ArithmeticCoding
0.0.0a
Arithmetic coding in C
|
void encode() { unsigned char *input, *output=0; // input and output buffer size_t countof_input, countof_output; // number of symbols in input and output buffer float *cdf=0; size_t nsym; // number of symbols in the input alphabet // somehow load the data into input array cdf_build(&cdf,&nsym,input,countof_input); encode_u1_u8( // encode unsigned chars to a string of bits (1 bit per output symbol) (void**)&out,&countof_output, input, countof_input, cdf, nsym); // do something with the output free(out); free(cdf); }
I wrote this in order to learn about arithmetic coding. The end goal was to get to the point where I had an adaptive encoder/decoder that could compress markov chains. I got a little distracted along the way by trying to encode to a variable symbol alphabet. Variable symbol encoding alphabets are fun because you can encode to non-whitespace ASCII characters (94 symbols) and that means the encoded message can be embeded in a text file format.
Arithmetic coding is a computationally expensive coding method. I've done nothing to address this problem; I've probably made it worse.
To learn more about arithmetic coding see this excelent reference:
Said, A. “Introduction to Arithmetic Coding - Theory and Practice.” Hewlett Packard Laboratories Report: 2004–2076. www.hpl.hp.com/techreports/2004/HPL-2004-76.pdf
All the encoding and decoding functions require knowledge of the probability of observing input symbols. This probability is specified as a CDF of a particular form. Namely:
1. cdf
[0] must be zero (0.0).
2. The probability density for symbol i should be cdf
[i+1]-cdf[i].
This implies, for an alphabet with M symbols:
cdf
[M] is 1.0 (within floating point precision)Encoding functions all have the same form:
encode_<TDst>_<TSrc>(void **out, size_t *nout, uint8_t *in, size_t nin, float *cdf, size_t nsym);
where TDst and TSrc are the output and input types, respectively. The output buffer, *out, can be an heap-allocated buffer; it's capacity in bytes should be passed as *nout. If *out is not large enough (or NULL), it will be reallocated. The new capacity will be returned in *nout.

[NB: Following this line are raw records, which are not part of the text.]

(* For each $n\ge0$ there is an isomorphism of $A_n$-bimodules $D_{n+1}\otimes_{A_{n+1}}I_n\cong A_n$, and consequently an isomorphism of $A$-bimodules $D\otimes_A I\cong A$, where $A=\bigoplus_{n\ge0}A_n$, $D=\bigoplus_{n\ge0}D_{n+1}$ and $I=\bigoplus_{n\ge0}I_n$.
   Context: $A_n$ is the nilCoxeter algebra: the unital $\mathbb{Q}$-algebra generated by $Y_1,\dots,Y_{n-1}$ with relations $Y_i^2=0$, $Y_iY_j=Y_jY_i$ for $|i-j|>1$, $Y_iY_{i+1}Y_i=Y_{i+1}Y_iY_{i+1}$. Let $\chi_n:A_n\to A_{n+1}$, $\chi_n(Y_i)=Y_i$; $D_{n+1}$ is $A_{n+1}$ as an $(A_n,A_{n+1})$-bimodule (left action via $\chi_n$, right by multiplication). Let $t_{n+1}:A_{n+1}\to A_n$ be the algebra homomorphism with $t_{n+1}(Y_i)=Y_i$ for $i<n$ and $t_{n+1}(Y_n)=0$. $I_n$ is the $(A_{n+1},A_n)$-bimodule equal to $A_n$ as a right $A_n$-module, with left $A_{n+1}$-action via $t_{n+1}$. An $(A_n,A_k)$-bimodule is regarded as an $A$-bimodule on which $A_i$ acts by $0$ on the left for $i\neq n$ and on the right for $i\ne k$. *)

theory Defs
  imports Complex_Main "HOL-Algebra.QuotRing"
begin

text \<open>Noncommutative polynomials over Q in the letters 1,2,...: finitely supported
  functions from words (nat lists) to rat. The product is concatenation convolution.\<close>

type_synonym ncpoly = "nat list \<Rightarrow> rat"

Variable symbol encodings are a little different. These functions take the number of output symbols, noutsym, as well. They always encode to a 1-byte stream. Their form is:
vencode_<TSrc>(void **out, size_t *nout, size_t noutsym, uint8_t *in, size_t nin, size_t ninsym, float *cdf);
Decoding functions all have the same form:
decode_<TDst>_<TSrc>(void **out, size_t *nout, uint8_t *in, size_t nin, float *cdf, size_t nsym);
where TDst and TSrc are the output and input types, respectively. The output buffer, *out, can be an heap-allocated buffer; it's capacity in bytes should be passed as *nout. If *out is not large enough (or NULL), it will be reallocated. The new capacity will be returned in *nout.
This is basically identical to the encode functions, but here "output" refers to the decoded message and "input" refers to an encoded message.
Variable symbol decoding has the form:
vdecode_<TDst>(void **out, size_t *nout, size_t noutsym, uint8_t *in, size_t nin, size_t ninsym, float *cdf);